We use cookies. Read the Privacy and Cookie Policy

Террористический рессентммент

«Второе пришествие» Йейтса, как кажется, прекрасно описывает наши нынешние трудности: «У добрых сила правоты иссякла, А злые будто бы остервенились». Это прекрасное описание нынешнего раскола между анемичными либералами и возбужденными фундаменталистами. «Добрые» больше не в состоянии ничего сделать, а «злые» охвачены расистским, религиозным и сексистским фанатизмом.

Но действительно ли террористы-фундаменталисты, христианские или мусульманские, являются фундаменталистами в собственном смысле слова? Действительно ли они верят? У них отсутствует черта, по которой легко опознаются все подлинные фундаменталисты от тибетских буддистов до американских амишей, а именно — отсутствие рессентимента и зависти, глубокое безразличие к образу жизни неверующих. Если сегодняшние так называемые фундаменталисты действительно верят, что они нашли свой путь к Истине, почему они должны видеть угрозу со стороны неверующих, почему они должны завидовать им? Если буддист встретит западного гедониста, вряд ли он станет осуждать его. Он только доброжелательно заметит, что стремление гедониста к счастью саморазрушительно. В отличие от настоящих фундаменталистов террористы-псевдофундаменталисты глубоко озабочены, заинтригованы и зачарованы греховной жизнью неверующих. Чувствуется, что в борьбе с греховным другим они борются со своими собственными соблазнами. Именно поэтому так называемые христианские или мусульманские фундаменталисты позорят подлинный фундаментализм.

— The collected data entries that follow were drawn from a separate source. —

lemma threshold_update_bound:
  fixes w :: "nat \<Rightarrow> real"
  assumes n: "n > 0" and d: "d \<ge> 1/2" and A: "finite A" "card A \<le> n" "t \<notin> A"
    and w_nonneg: "\<forall>s\<in>A. 0 \<le> w s" and w_ge: "threshold w A d n \<le> w t"
    and upd: "part_update n w A t A'"
  shows "3 * w t - threshold w A d n + 2 * real n * (threshold w A' d n - threshold w A d n)
     \<le> 2 * (1 + d) * (1 + 1 / (gpar_ratio d n ^ n - 1)) * (sum w A' - sum w A)"
proof -
  have d0: "d > 0" using d by simp
  define h where "h = (\<lambda>i. gpar d n (Suc i))"
  define P where "P = desc_pad n (image_mset w (mset_set A))"
  have thr: "threshold w A d n = weighted_sum h 0 P"
    using A by (simp add: P_def h_def threshold_eq_weighted_sum)
  have P_len: "length P = n"
    using A by (simp add: P_def length_desc_pad)
  then have P_ne: "P \<noteq> []" using n by auto
  have "last P \<le> weighted_sum h 0 P"
  proof (rule last_le_weighted_sum)
    show "sorted_wrt (\<ge>) P"
      unfolding P_def using A(1) w_nonneg by (intro sorted_desc_pad) auto
    show "last P \<ge> 0"
      using last_in_set[OF P_ne] A(1) w_nonneg by (auto simp: P_def desc_pad_def)
    show "\<And>i. h i \<ge> 0"
      using gpar_Suc_pos[OF n d0] by (simp add: h_def less_imp_le)
    show "(\<Sum>i<length P. h (0 + i)) \<ge> 1"
      using sum_gpar_ge_1[OF n d0] by (simp add: P_len h_def)
  qed
  then obtain L B where P_eq: "P = L @ B" and B: "B \<noteq> []" and L_ge: "\<forall>y\<in>set L. w t \<le> y"
    and P'_eq: "desc_pad n (image_mset w (mset_set A')) = L @ w t # butlast B"
    using desc_pad_part_update[OF A(1,2) n A(3) w_nonneg upd] w_ge thr
    by (metis P_def order.trans)
  have "threshold w A' d n = weighted_sum h 0 (L @ w t # butlast B)"
    using part_update_card[OF A(1,2) upd] P'_eq by (simp add: h_def threshold_eq_weighted_sum)
  moreover have "sum w A' - sum w A = w t - last B"
  proof -
    have "sum_list B = sum_list (butlast B) + last B"
      using append_butlast_last_id[OF B] by (metis add.commute sum_list.Cons sum_list.Nil
          add_0_right sum_list_append)
    then show ?thesis
      using sum_list_desc_pad[of n w A] sum_list_desc_pad[of n w A'] P'_eq
      by (simp add: P_eq[unfolded P_def])
  qed
  moreover have "3 * w t - weighted_sum h 0 P
      + 2 * real n * (weighted_sum h 0 (L @ w t # butlast B) - weighted_sum h 0 P)
      \<le> 2 * (1 + d) * (1 + 1 / (gpar_ratio d n ^ n - 1)) * (w t - last B)"
    using insertion_bound[OF n d _ B L_ge _ h_def] P_len w_ge thr by (simp add: P_eq)
  ultimately show ?thesis
    using thr by simp
qed

lemma threshold_nonneg:
  assumes "card A \<le> n" "\<forall>s\<in>A. 0 \<le> w s" "n > 0" "d > 0"
  shows "0 \<le> threshold w A d n"
proof -
  have "\<forall>y\<in>set (desc_pad n (image_mset w (mset_set A))). 0 \<le> y"
    using assms(2) by (cases "finite A") (auto simp flip: set_mset_mset simp: mset_desc_pad)
  then show ?thesis
    using weighted_sum_lower_bound[of _ 0] gpar_Suc_pos[OF assms(3,4)] assms(1)
    by (simp add: threshold_eq_weighted_sum less_imp_le)
qed

lemma alg2_run_step_cases [consumes 4, case_names accept discard]:
  assumes run: "alg2_run k f n d m S beta" and k: "k \<ge> 2" and s: "s < m"
    and beta_nonneg: "\<forall>b\<in>{1..k}. 0 \<le> beta s b"
  obtains (accept) a where "a \<in> {1..k}" "beta s a \<le> wt f S (Suc s) a"
      "part_update (n a) (\<lambda>t. wt f S t a) (S s a) (Suc s) (S (Suc s) a)"
      "beta (Suc s) a = threshold (\<lambda>t. wt f S t a) (S (Suc s) a) (d a) (n a)"
      "\<forall>b. b \<noteq> a \<longrightarrow> S (Suc s) b = S s b \<and> beta (Suc s) b = beta s b"
  | (discard) "\<forall>b. S (Suc s) b = S s b \<and> beta (Suc s) b = beta s b"
proof -
  have "Suc s \<in> {1..m}" using s by simp
  note step = run[unfolded alg2_run_def, THEN conjunct2, rule_format, OF this,
      unfolded diff_Suc_1 part_update_def[symmetric]]
  consider a where "a \<in> {1..k}" "mgain k f S beta (Suc s) a \<ge> 0"
      "part_update (n a) (\<lambda>t. wt f S t a) (S s a) (Suc s) (S (Suc s) a)"
      "beta (Suc s) a = threshold (\<lambda>t. wt f S t a) (S (Suc s) a) (d a) (n a)"
      "\<forall>b. b \<noteq> a \<longrightarrow> S (Suc s) b = S s b \<and> beta (Suc s) b = beta s b"
    | "\<forall>b. S (Suc s) b = S s b \<and> beta (Suc s) b = beta s b"
    using step by blast
  then show ?thesis
  proof cases
    case (1 a)
    have "(if a = 1 then 2 else 1) \<in> {1..k} - {a}"
      using k by auto
    then have "{1..k} - {a} \<noteq> {}" by blast
    then have "0 \<le> Min ((\<lambda>b. beta s b) ` ({1..k} - {a}))"
      using beta_nonneg by (subst Min_ge_iff) auto
    then show ?thesis
      using 1 accept by (simp add: mgain_def)
  qed (fact discard)
qed

definition run_invariant :: "((nat \<Rightarrow> nat set) \<Rightarrow> real) \<Rightarrow> (nat \<Rightarrow> nat) \<Rightarrow> (nat \<Rightarrow> real)
    \<Rightarrow> (nat \<Rightarrow> nat \<Rightarrow> nat set) \<Rightarrow> (nat \<Rightarrow> nat \<Rightarrow> real) \<Rightarrow> nat \<Rightarrow> nat \<Rightarrow> bool" where
  "run_invariant f n d S beta s b \<longleftrightarrow>
     finite (S s b) \<and> card (S s b) \<le> n b \<and> S s b \<subseteq> {1..s} \<and>
     (\<forall>t\<in>S s b. 0 \<le> wt f S t b) \<and>
     beta s b = threshold (\<lambda>t. wt f S t b) (S s b) (d b) (n b)"

lemma run_invariant_beta_nonneg:
  "run_invariant f n d S beta s b \<Longrightarrow> n b > 0 \<Longrightarrow> d b > 0 \<Longrightarrow> 0 \<le> beta s b"
  by (simp add: run_invariant_def threshold_nonneg)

Однако остервенение толпы лишено искренней уверенности в своей правоте. В глубине души террористическим фундаменталистам недостает искренней убежденности — и вспышки насилия служат наглядным тому подтверждением. Насколько хрупкой должна быть вера мусульманина, если он считает, что глупая карикатура в датской малотиражной газете представляет для нее угрозу? Фундаменталистский исламский террор не основывается на убежденности террористов в собственном превосходстве и их желании оградить свою культурно-религиозную идентичность от наступления глобальной потребительской цивилизации. Проблема фундаменталистов не в том, что мы считаем их хуже себя, а скорее в том, что они сами втайне считают себя хуже нас. Именно поэтому наши снисходительные политкорректные заверения, что мы не считаем, что они хуже нас, только вызывают у них еще большую ярость и подпитывают их рессентимент. Проблема не в культурном различии (их попытках сохранить свою идентичность), а совсем наоборот — в том, что фундаменталисты уже похожи на нас, что они в глубине души уже усвоили наши стандарты и оценивают себя по ним. (То же можно сказать и о Далай-ламе, который оправдывает тибетский буддизм при помощи западной риторики стремления к счастью и избегания страданий.) Парадоксальным образом фундаменталистам недостает именно подлинно «расистской» убежденности в собственном превосходстве.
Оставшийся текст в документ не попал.